Every day Poets & Writers Magazine scans the headlines—from publishing reports to academic announcements to literary dispatches—for all the news that creative writers need to know. Here are today’s stories:

The world’s oldest library, located in Morocco, has recently been restored and reopened to the public. Previously only accessible to academics and theologians, the al-Qarawiyyin library was founded as part of al-Qarawiyyin University in 859. (Tech Insider)

In December, U.K. publisher Hesperus will release an English translation of a novella written by Saddam Hussein. (Guardian)

PEN America Center has partnered with indie publisher Catapult to launch the PEN/Robert J. Dau Short Story Prize for Emerging writers. Annual awards of $2,000 each will be given to twelve fiction writers, and the winning stories will be published in an anthology released by Catapult. (Publishers Weekly)

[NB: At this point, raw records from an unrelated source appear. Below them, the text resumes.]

(* The bilinear form $\omega(X,Y)=\operatorname{tr}_c\big(X[D,Y]\big)$ is a continuous Lie algebra $2$-cocycle on $\mathfrak g$, i.e. it is skew-symmetric and satisfies $\omega(X,[Y,Z])+\omega(Y,[Z,X])+\omega(Z,[X,Y])=0$ for all $X,Y,Z\in\mathfrak g$. It defines a non-trivial central extension of $\mathfrak g$: there is no continuous linear functional $\theta\colon\mathfrak g\to\mathbb C$ with $\omega(X,Y)=\theta([X,Y])$ for all $X,Y\in\mathfrak g$.
   Context: Let $H$ be a complex separable Hilbert space with orthonormal basis $\{e_n\}_{n\in\mathbb Z}$, and let $D$ be the unbounded self-adjoint operator with $De_n=ne_n$. Let $\mathfrak g$ be the real Lie algebra of bounded skew-adjoint operators $X$ on $H$ such that $[D,X]$ is Hilbert--Schmidt. It is a Banach Lie algebra with norm $\|X\|=\sup_n|\langle e_n,Xe_n\rangle|+\|[D,X]\|_2$, where $\|\cdot\|_2$ is the Hilbert--Schmidt norm. The conditional trace is $\operatorname{tr}_c(T)=\sum_{n\in\mathbb Z}\langle e_n,Te_n\rangle$. For $X,Y\in\mathfrak g$ the series defining $\operatorname{tr}_c(X[D,Y])$ converges absolutely. *)

theory Defs
  imports "HOL-Analysis.Analysis"
begin

text \<open>H = l2(Z), modelled as square-summable functions int => complex.
  Operators are maps (int => complex) => (int => complex); only their behaviour on l2 matters.
  The basis vector e_n is delta n, and D e_n = n e_n.\<close>

type_synonym vec = "int \<Rightarrow> complex"
type_synonym op = "vec \<Rightarrow> vec"

definition ell2 :: "vec set" where
  "ell2 = {x. (\<lambda>n. (cmod (x n))\<^sup>2) summable_on UNIV}"

definition l2norm :: "vec \<Rightarrow> real" where
  "l2norm x = sqrt (\<Sum>\<^sub>\<infinity>n. (cmod (x n))\<^sup>2)"

definition l2inner :: "vec \<Rightarrow> vec \<Rightarrow> complex" where
  "l2inner x y = (\<Sum>\<^sub>\<infinity>n. cnj (x n) * y n)"

definition delta :: "int \<Rightarrow> vec" where
  "delta n = (\<lambda>m. if m = n then 1 else 0)"

definition entry :: "op \<Rightarrow> int \<Rightarrow> int \<Rightarrow> complex" where
  "entry T m n = T (delta n) m"

definition linear_on_l2 :: "op \<Rightarrow> bool" where
  "linear_on_l2 T \<longleftrightarrow>
     (\<forall>x\<in>ell2. \<forall>y\<in>ell2. T (\<lambda>m. x m + y m) = (\<lambda>m. T x m + T y m)) \<and>
     (\<forall>x\<in>ell2. \<forall>c::complex. T (\<lambda>m. c * x m) = (\<lambda>m. c * T x m))"

definition bounded_op :: "op \<Rightarrow> bool" where
  "bounded_op T \<longleftrightarrow> linear_on_l2 T \<and> (\<forall>x\<in>ell2. T x \<in> ell2) \<and>
     (\<exists>C. \<forall>x\<in>ell2. l2norm (T x) \<le> C * l2norm x)"

definition skew_adjoint :: "op \<Rightarrow> bool" where
  "skew_adjoint T \<longleftrightarrow> (\<forall>x\<in>ell2. \<forall>y\<in>ell2. l2inner x (T y) = - l2inner (T x) y)"

text \<open>The commutator [D,T], given through its matrix entries (m - n) <e_m, T e_n>.\<close>
definition commD :: "op \<Rightarrow> op" where
  "commD T = (\<lambda>x m. \<Sum>\<^sub>\<infinity>n. of_int (m - n) * entry T m n * x n)"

United States poet laureate Juan Felipe Herrera responded to last week’s spate of gun violence by writing the poem, “@ the Crossroads—A Sudden American Poem,” which is dedicated to Anton Sterling, Philando Castile, and the five Dallas police officers slain during anti-police protests. (Los Angeles Times)

“Literature has to dig into uncomfortable vocabularies to find new ways of expression.” 3:AM features an interview with Mexican fiction writer Yuri Herrera.

Meanwhile, at the Oxford American, poet Ada Limón interviews fiction writer Manuel Gonzales about his novel, The Regional Office Is Under Attack.

At Book Riot, Rachel Cordasco reflects on the influence and major works of Nobel Peace Prize–winning author and Auschwitz survivor Elie Wiesel, who died on July 2.